Military Administrator of Bauchi State
- In office 22 August 1996 – August 1998
- Preceded by: Rasheed Raji
- Succeeded by: Abdul Mshelia

Military Administrator of Osun State
- In office August 1998 – 29 May 1999
- Preceded by: Anthony Obi
- Succeeded by: Adebisi Akande

Personal details
- Born: 1951 (age 74–75) Omu-Aran, Irepodun LGA, Kwara State, Nigeria

= Theophilus Bamigboye =

Nigerian military officer (born 1951)

Theophilus O Bamigboye (born 1951) is a retired Nigerian Colonel who served as Military Administrator of Bauchi State and then Osun State before the return to democracy in May 1999. He later joined politics, competing for governorship of Kwara State in 2007.

==Background and military career==

Theophilus O Bamigboye was born in 1951 in Omu-Aran in Irepodun Local Government in Kwara State.
His brother is Brigadier General David Bamigboye, Military Governor of Kwara State from May 1967 until July 1975.
He married the socialite Enitan Allen, who was conspicuous during his tenure as governor of Bauchi and Osun states. They got divorced later.

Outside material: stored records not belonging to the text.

(* Let $\lambda>0$ and $\mu\ge0$ be reals and let $(G_n)_{n\ge1}$ be elements of $\mathcal H$ such that the infinite product $\prod_n G_n$ is of type $(\lambda,\mu)$. Then $\prod_{n\ge1}G_n$ converges in $\mathcal H$ to an element $G$ of order at most $\mu$.
   Context: Let $p$ be an odd prime. $\mathcal H$ is the ring of power series in $\mathbb Q_p[[x]]$ converging on the open unit disc of $\mathbb C_p$, with its Fréchet topology given by the norms $\|f\|_\rho=\sup_{|z|_p\le\rho}|f(z)|_p$, $0<\rho<1$; put $\|f\|_1=\sup_{\rho<1}\|f\|_\rho\in[0,\infty]$. Let $\rho_0=p^{-1/(p-1)}$ and, for $0<\rho<1$, let $n_0(\rho)$ be the smallest integer $\ge0$ with $\rho^{p^{n_0(\rho)}}\le\rho_0$. A product $\prod_nG_n$ is of type $(\lambda,\mu)$ if (1) $\|G_n\|_1\le p^{\mu}$ for all $n$, and (2) there is a constant $\nu$ such that for every real $0<\rho<1$ and every $n\ge n_0(\rho)$, $\|G_n-1\|_\rho\le p^{\nu}p^{-\lambda(n-n_0(\rho))}$. The order of $G\in\mathcal H$ is the infimum of the reals $h$ such that $\sup_{m\ge0}p^{-mh}\|G\|_{\rho^{1/p^m}}<\infty$ for some $\rho\in(0,1)$. *)

theory Defs
  imports Complex_Main "HOL-Library.Extended_Real" "HOL-Computational_Algebra.Primes"
begin

definition padic_val_rat :: "nat \<Rightarrow> rat \<Rightarrow> int" where
  "padic_val_rat p r = (let (a, b) = quotient_of r in
      int (multiplicity (int p) a) - int (multiplicity (int p) b))"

Theophilus O Bamigboye served as Military Administrator of Bauchi State (August 1996 - August 1998) during the military regime of General Sani Abacha.
He invested in education, constructing primary and secondary schools buildings and providing equipment and improved incentives for teachers. He provided a new permanent site for Bauchi Radio Corporation (BRC).
During his tenure Gombe State was created out of Bauchi.

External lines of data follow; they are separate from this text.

lemma uniform_scale_eq:
  assumes "2 \<le> N" "2 \<le> M"
  shows "uniform_scale N = uniform_scale M"
  using uniform_scale_mult[OF assms] uniform_scale_mult[OF assms(2,1)] by (simp add: mult.commute)

lemma form_eq_Cov:
  assumes cont: "continuous_on (Pn n) (\<lambda>p. \<gamma> n p A B)"
    and n: "2 \<le> n" and p: "p \<in> Pn n" and A: "A \<in> RV n" and B: "B \<in> RV n"
  shows "\<gamma> n p A B = uniform_scale 2 * Cov n p A B"
proof -
  obtain k where k: "\<forall>M. \<forall>i\<in>Omega n. 1 \<le> k M i"
    and lim: "(\<lambda>M. rational_distr n (k M)) \<longlonglongrightarrow> p"
    using rational_distr_dense[OF p] .
  have eq: "\<gamma> n (rational_distr n (k M)) A B = uniform_scale 2 * Cov n (rational_distr n (k M)) A B" for M
  proof -
    have "n \<le> (\<Sum>j\<in>Omega n. k M j)"
      using sum_mono[of "Omega n" "\<lambda>_. 1::nat" "k M"] k by simp
    then show ?thesis
      using form_rational_distr[OF n] k A B n uniform_scale_eq[of "\<Sum>j\<in>Omega n. k M j" 2] by simp
  qed
  have "(\<lambda>M. \<gamma> n (rational_distr n (k M)) A B) \<longlonglongrightarrow> \<gamma> n p A B"
    using k n by (intro continuous_on_tendsto_compose[OF cont lim p]) (simp add: rational_distr_in_Pn)
  moreover have "(\<lambda>M. rational_distr n (k M) i) \<longlonglongrightarrow> p i" for i
    using lim by (simp add: tendsto_fun_iff_componentwise)
  then have "(\<lambda>M. Cov n (rational_distr n (k M)) A B) \<longlonglongrightarrow> Cov n p A B"
    unfolding Cov_def expect_def by (intro tendsto_intros)
  then have "(\<lambda>M. \<gamma> n (rational_distr n (k M)) A B) \<longlonglongrightarrow> uniform_scale 2 * Cov n p A B"
    unfolding eq by (rule tendsto_mult_left)
  ultimately show ?thesis
    by (rule LIMSEQ_unique)
qed

end


theorem mainTheorem9:
  fixes \<gamma> :: "nat \<Rightarrow> (nat \<Rightarrow> real) \<Rightarrow> (nat \<Rightarrow> real) \<Rightarrow> (nat \<Rightarrow> real) \<Rightarrow> real"
  assumes bilin: "\<And>n p. 2 \<le> n \<Longrightarrow> p \<in> Pn n \<Longrightarrow> bilinear_on n (\<gamma> n p)"
    and cont: "\<And>n A B. 2 \<le> n \<Longrightarrow> A \<in> RV n \<Longrightarrow> B \<in> RV n \<Longrightarrow>
                 continuous_on (Pn n) (\<lambda>p. \<gamma> n p A B)"
  shows "(\<exists>c::real. \<forall>n\<ge>2. \<forall>p\<in>Pn n. \<forall>A\<in>RV n. \<forall>B\<in>RV n.
            \<gamma> n p A B = c * Cov n p A B)
     \<longleftrightarrow>
         ((\<forall>n\<ge>2. \<forall>p\<in>Pn n. \<forall>A\<in>RV n. \<gamma> n p A (one_fun n) = 0) \<and>
          (\<forall>m n F. 2 \<le> m \<and> m \<le> n \<and> surj_map n m F \<longrightarrow>
             (\<forall>p\<in>Pn n. \<forall>A\<in>RV m. \<forall>B\<in>RV m.
                \<gamma> m (pushfwd n m F p) A B = \<gamma> n p (pullback n F A) (pullback n F B))))"
  (is "?scalar \<longleftrightarrow> ?one_fun \<and> ?pushfwd")
proof
  assume ?scalar
  then obtain c where c: "\<And>n p A B. 2 \<le> n \<Longrightarrow> p \<in> Pn n \<Longrightarrow> A \<in> RV n \<Longrightarrow> B \<in> RV n \<Longrightarrow>
      \<gamma> n p A B = c * Cov n p A B"
    by blast
  have ?pushfwd
  proof (intro allI impI ballI)
    fix m n F p A B
    assume F: "2 \<le> m \<and> m \<le> n \<and> surj_map n m F" and p: "p \<in> Pn n" and "A \<in> RV m" "B \<in> RV m"
    then have "\<gamma> m (pushfwd n m F p) A B = c * Cov m (pushfwd n m F p) A B"
      by (simp add: c pushfwd_in_Pn)
    also have "\<dots> = c * Cov n p (pullback n F A) (pullback n F B)"
      using F by (simp add: Cov_pushfwd surj_map_def)
    also have "\<dots> = \<gamma> n p (pullback n F A) (pullback n F B)"
      using F p by (simp add: c pullback_in_RV)
    finally show "\<gamma> m (pushfwd n m F p) A B = \<gamma> n p (pullback n F A) (pullback n F B)" .
  qed
  moreover have ?one_fun
    by (simp add: c one_fun_in_RV Cov_one_fun)
  ultimately show "?one_fun \<and> ?pushfwd"
    by blast
next
  assume "?one_fun \<and> ?pushfwd"
  then interpret invariant_form_family \<gamma>
    using bilin by unfold_locales blast+
  show ?scalar
    using form_eq_Cov[OF cont] by blast
qed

He was appointed Military Administrator of Osun State in August 1998, handing over power to the civilian governor Adebisi Akande in May 1999.

==Later political career==

Theophilus Bamigboye joined politics as a member of the People's Democratic Party (PDP), later joining the Democratic People's Party (DPP), and later still the Accord Party.
In April 2007 he unsuccessfully competed on the Accord Party platform for governorship of Kwara State.
At one point in the campaign, gun wielding youths started shooting when Bamigboye was speaking at a rally of his supporters, but he escaped unharmed.
Bamigboye appealed the electoral result where Dr Bukola Saraki had won the race for governor, claiming there had been widespread malpractices, corruption, violence, intimidation and exclusion of the photograph and logo of the Accord Party from the ballot papers, but in July 2008 an electoral appeal court upheld Saraki victory.

In September 2009 Theophilus Bamigboye returned to the PDP and was reconciled with Olusola Saraki, father of the incumbent governor. He said that his decision to leave the PDP had been a mistake, and it was time to retrace his steps. He also said he would be willing to serve as governor of Kwara State if needed.